In a brightly lit bedroom Howard lays on the bed covered in a dark green velvet blanket. His hair is messed and he appears to be naked. Annabelle sits on a straight-backed wooden chair. She is wearing a white bathrobe, her hair is wet, and she is applying lotion to her feet.
Look at this. She laid that man out. He can’t even get out of the bed. Meanwhile she’s just calmly going about her life.
Annabelle in a sea green bathtub that is filled with bubbles. Her head is resting against the back of the tub and her hands and legs are raised in the air. She is singing.
This is one of the (many) scenes when Annabelle sings—which I most certainly could have done without and editing them out would have (blessedly) shaved a solid chunk of time off the movie—BUT I have a lot of respect for Kathie Lee Gifford giving herself multiple sexy bathtub scenes. The chances of someone else writing them for a “woman of her age” are slim to none (unless she scores a guest appearance on “Grace and Frankie”).

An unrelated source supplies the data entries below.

(* There is an absolute constant $C \in \mathbb{N}$ such that for every odd integer $n \ge 1$ there exists a $C$-Lipschitz mapping $\psi\colon\{0,1\}^n\to\{0,1\}^n$ from ${\sf Majority}$ to ${\sf Dictator}$; that is, $\psi$ is a bijection, ${\sf Majority}(z) = \psi(z)_1$ for every $z\in\{0,1\}^n$, and ${\sf dist}(\psi(x),\psi(y)) \le C\,{\sf dist}(x,y)$ for all $x,y\in\{0,1\}^n$.
   Context: ${\sf dist}$ denotes Hamming distance. ${\sf Majority}\colon\{0,1\}^n\to\{0,1\}$ is defined by ${\sf Majority}(x)=1$ if $\sum_{i=1}^n x_i > n/2$ and $0$ otherwise. ${\sf Dictator}(x)=x_1$. Given $f,g\colon\{0,1\}^n\to\{0,1\}$, a mapping from $f$ to $g$ is a bijection $\psi\colon\{0,1\}^n\to\{0,1\}^n$ with $f(z)=g(\psi(z))$ for all $z$. A map $\phi$ is $C$-Lipschitz if ${\sf dist}(\phi(x),\phi(y))\le C\,{\sf dist}(x,y)$ for all $x,y$. *)

theory Defs
  imports Main
begin

text \<open>Boolean hypercube {0,1}^n as bool lists of length n (True = 1); coordinate 1 of the
paper is list index 0.\<close>

definition hcube :: "nat \<Rightarrow> bool list set" where
  "hcube n = {xs. length xs = n}"

definition hdist :: "bool list \<Rightarrow> bool list \<Rightarrow> nat" where
  "hdist xs ys = card {i. i < length xs \<and> i < length ys \<and> xs ! i \<noteq> ys ! i}"

definition majority :: "bool list \<Rightarrow> bool" where
  "majority xs \<longleftrightarrow> 2 * card {i. i < length xs \<and> xs ! i} > length xs"

definition dictator :: "bool list \<Rightarrow> bool" where
  "dictator xs = xs ! 0"

definition lipschitz_on_cube :: "nat \<Rightarrow> nat \<Rightarrow> (bool list \<Rightarrow> bool list) \<Rightarrow> bool" where
  "lipschitz_on_cube n C \<psi> \<longleftrightarrow>
     (\<forall>x\<in>hcube n. \<forall>y\<in>hcube n. hdist (\<psi> x) (\<psi> y) \<le> C * hdist x y)"

end

theory Submission
  imports Defs
begin

text \<open>Encode x by its majority bit followed by the n - 1 adjacent differences x_i \<noteq> x_(i+1).
The differences determine x up to complementing all bits, and for odd n complementing flips
the majority, so the encoding is injective, hence a bijection of the cube. Changing one bit of x
changes at most the majority bit and two adjacent differences, so it is 3-Lipschitz.\<close>

definition majority_diff_code :: "bool list \<Rightarrow> bool list" where
  "majority_diff_code xs = majority xs # map (\<lambda>i. xs ! i \<noteq> xs ! Suc i) [0..<length xs - 1]"

lemma length_majority_diff_code:
  "xs \<noteq> [] \<Longrightarrow> length (majority_diff_code xs) = length xs"
  by (simp add: majority_diff_code_def)

lemma majority_diff_code_nth_0: "majority_diff_code xs ! 0 = majority xs"
  by (simp add: majority_diff_code_def)

lemma majority_diff_code_nth_Suc:
  "Suc j < length xs \<Longrightarrow> majority_diff_code xs ! Suc j = (xs ! j \<noteq> xs ! Suc j)"
  by (simp add: majority_diff_code_def less_diff_conv)

lemma majority_map_Not:
  assumes "odd (length xs)"
  shows "majority (map Not xs) = (\<not> majority xs)"
proof -
  let ?T = "{i. i < length xs \<and> xs ! i}"
  have "{i. i < length (map Not xs) \<and> map Not xs ! i} = {..<length xs} - ?T"
    by auto
  then have "card {i. i < length (map Not xs) \<and> map Not xs ! i} = length xs - card ?T"
    by (simp add: card_Diff_subset subset_eq)
  moreover have "card ?T \<le> length xs"
    using card_mono[of "{..<length xs}" ?T] by auto
  moreover have "odd m \<Longrightarrow> c \<le> m \<Longrightarrow> (m < 2 * (m - c)) = (\<not> m < 2 * c)" for c m :: nat
    by presburger
  ultimately show ?thesis
    using assms unfolding majority_def by simp
qed

lemma eq_or_eq_map_Not_if_same_adjacent_diffs:
  assumes "length x = length y"
    and "\<And>j. Suc j < length x \<Longrightarrow> (x ! j \<noteq> x ! Suc j) = (y ! j \<noteq> y ! Suc j)"
  shows "y = x \<or> y = map Not x"
proof -
  have agree: "(x ! i = y ! i) = (x ! 0 = y ! 0)" if "i < length x" for i
    using that
  proof (induction i)
    case (Suc i)
    then show ?case using assms(2)[of i] by auto
  qed simp
  show ?thesis
  proof (cases "x ! 0 = y ! 0")
    case True
    then show ?thesis using agree assms(1) by (auto intro: nth_equalityI)
  next
    case False
    then show ?thesis using agree assms(1) by (auto intro!: nth_equalityI)
  qed
qed

lemma inj_on_majority_diff_code:
  assumes "odd n"
  shows "inj_on majority_diff_code (hcube n)"
proof (rule inj_onI)
  fix x y assume "x \<in> hcube n" "y \<in> hcube n" and code: "majority_diff_code x = majority_diff_code y"
  then have len: "length x = n" "length y = n" by (auto simp: hcube_def)
  have "majority x = majority y"
    using arg_cong[OF code, of "\<lambda>l. l ! 0"] by (simp add: majority_diff_code_nth_0)
  moreover have "(x ! j \<noteq> x ! Suc j) = (y ! j \<noteq> y ! Suc j)" if "Suc j < length x" for j
    using arg_cong[OF code, of "\<lambda>l. l ! Suc j"] that len
    by (simp add: majority_diff_code_nth_Suc)
  ultimately show "x = y"
    using eq_or_eq_map_Not_if_same_adjacent_diffs[of x y] majority_map_Not[of x] assms len
    by force
qed

lemma bij_betw_majority_diff_code:
  assumes "odd n"
  shows "bij_betw majority_diff_code (hcube n) (hcube n)"
proof -
  have "finite (hcube n)"
    using finite_lists_length_eq[of "UNIV :: bool set" n] by (simp add: hcube_def)
  moreover have "n \<noteq> 0" using assms by presburger
  then have "majority_diff_code ` hcube n \<subseteq> hcube n"
    by (auto simp: hcube_def length_majority_diff_code)
  ultimately show ?thesis
    using endo_inj_surj inj_on_majority_diff_code[OF assms] by (simp add: bij_betw_def)
qed

lemma majority_diff_code_diff_subset:
  assumes "length x = n" "length y = n" "n \<noteq> 0"
  defines "D \<equiv> {i. i < n \<and> x ! i \<noteq> y ! i}"
  shows "{i. i < length (majority_diff_code x) \<and> i < length (majority_diff_code y)
             \<and> majority_diff_code x ! i \<noteq> majority_diff_code y ! i} \<subseteq> insert 0 (D \<union> Suc ` D)"
proof
  fix i assume i: "i \<in> {i. i < length (majority_diff_code x) \<and> i < length (majority_diff_code y)
             \<and> majority_diff_code x ! i \<noteq> majority_diff_code y ! i}"
  show "i \<in> insert 0 (D \<union> Suc ` D)"
  proof (cases i)
    case (Suc j)
    with i assms have "Suc j < n" "(x ! j \<noteq> x ! Suc j) \<noteq> (y ! j \<noteq> y ! Suc j)"
      by (auto simp: length_majority_diff_code majority_diff_code_nth_Suc)
    then show ?thesis using Suc unfolding D_def by auto
  qed simp
qed

lemma hdist_majority_diff_code_le:
  assumes "length x = n" "length y = n" "n \<noteq> 0"
  shows "hdist (majority_diff_code x) (majority_diff_code y) \<le> 3 * hdist x y"
proof (cases "x = y")
  case False
  define D where "D = {i. i < n \<and> x ! i \<noteq> y ! i}"
  have "finite D" by (simp add: D_def)
  have dist: "hdist x y = card D" using assms by (simp add: hdist_def D_def)
  have "D \<noteq> {}" using False assms by (auto simp: D_def intro: nth_equalityI)
  then have "card D \<ge> 1" using \<open>finite D\<close> by (simp add: Suc_le_eq card_gt_0_iff)
  have "hdist (majority_diff_code x) (majority_diff_code y) \<le> card (insert 0 (D \<union> Suc ` D))"
    unfolding hdist_def
    by (rule card_mono) (use \<open>finite D\<close> majority_diff_code_diff_subset[OF assms] in \<open>auto simp: D_def\<close>)
  also have "\<dots> \<le> 1 + (card D + card (Suc ` D))"
    using card_insert_le_m1 card_Un_le[of D "Suc ` D"] \<open>finite D\<close>
    by (simp add: card_insert_if)
  also have "\<dots> \<le> 3 * card D"
    using card_image_le[OF \<open>finite D\<close>, of Suc] \<open>card D \<ge> 1\<close> by simp
  finally show ?thesis using dist by simp
qed (simp add: hdist_def)

theorem theorem1:
  shows "\<exists>C::nat. \<forall>n::nat. odd n \<longrightarrow>
           (\<exists>\<psi>. bij_betw \<psi> (hcube n) (hcube n)
                 \<and> (\<forall>z\<in>hcube n. majority z = dictator (\<psi> z))
                 \<and> lipschitz_on_cube n C \<psi>)"
proof (intro exI[of _ 3] allI impI)
  fix n :: nat assume "odd n"
  then have "n \<noteq> 0" by presburger
  have "bij_betw majority_diff_code (hcube n) (hcube n)"
    using \<open>odd n\<close> by (rule bij_betw_majority_diff_code)
  moreover have "\<forall>z\<in>hcube n. majority z = dictator (majority_diff_code z)"
    by (simp add: dictator_def majority_diff_code_nth_0)
  moreover have "lipschitz_on_cube n 3 majority_diff_code"
    using hdist_majority_diff_code_le \<open>n \<noteq> 0\<close> by (auto simp: lipschitz_on_cube_def hcube_def)
  ultimately show "\<exists>\<psi>. bij_betw \<psi> (hcube n) (hcube n)
                 \<and> (\<forall>z\<in>hcube n. majority z = dictator (\<psi> z))
                 \<and> lipschitz_on_cube n 3 \<psi>" by blast
qed

end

I guess, in the end, I had a lot of respect for the idea of Annabelle and her adventures, even if I did routinely pray for Scotland’s 6.8 million sheep to rise up as one and put an end to the entire disjointed jumble of half-baked plots. 

Overall Rating on the Chronically Streaming Pain Scale:

Distressing: I’m so uncomfortable. I wonder if this will ever stop. I might want to be sedated.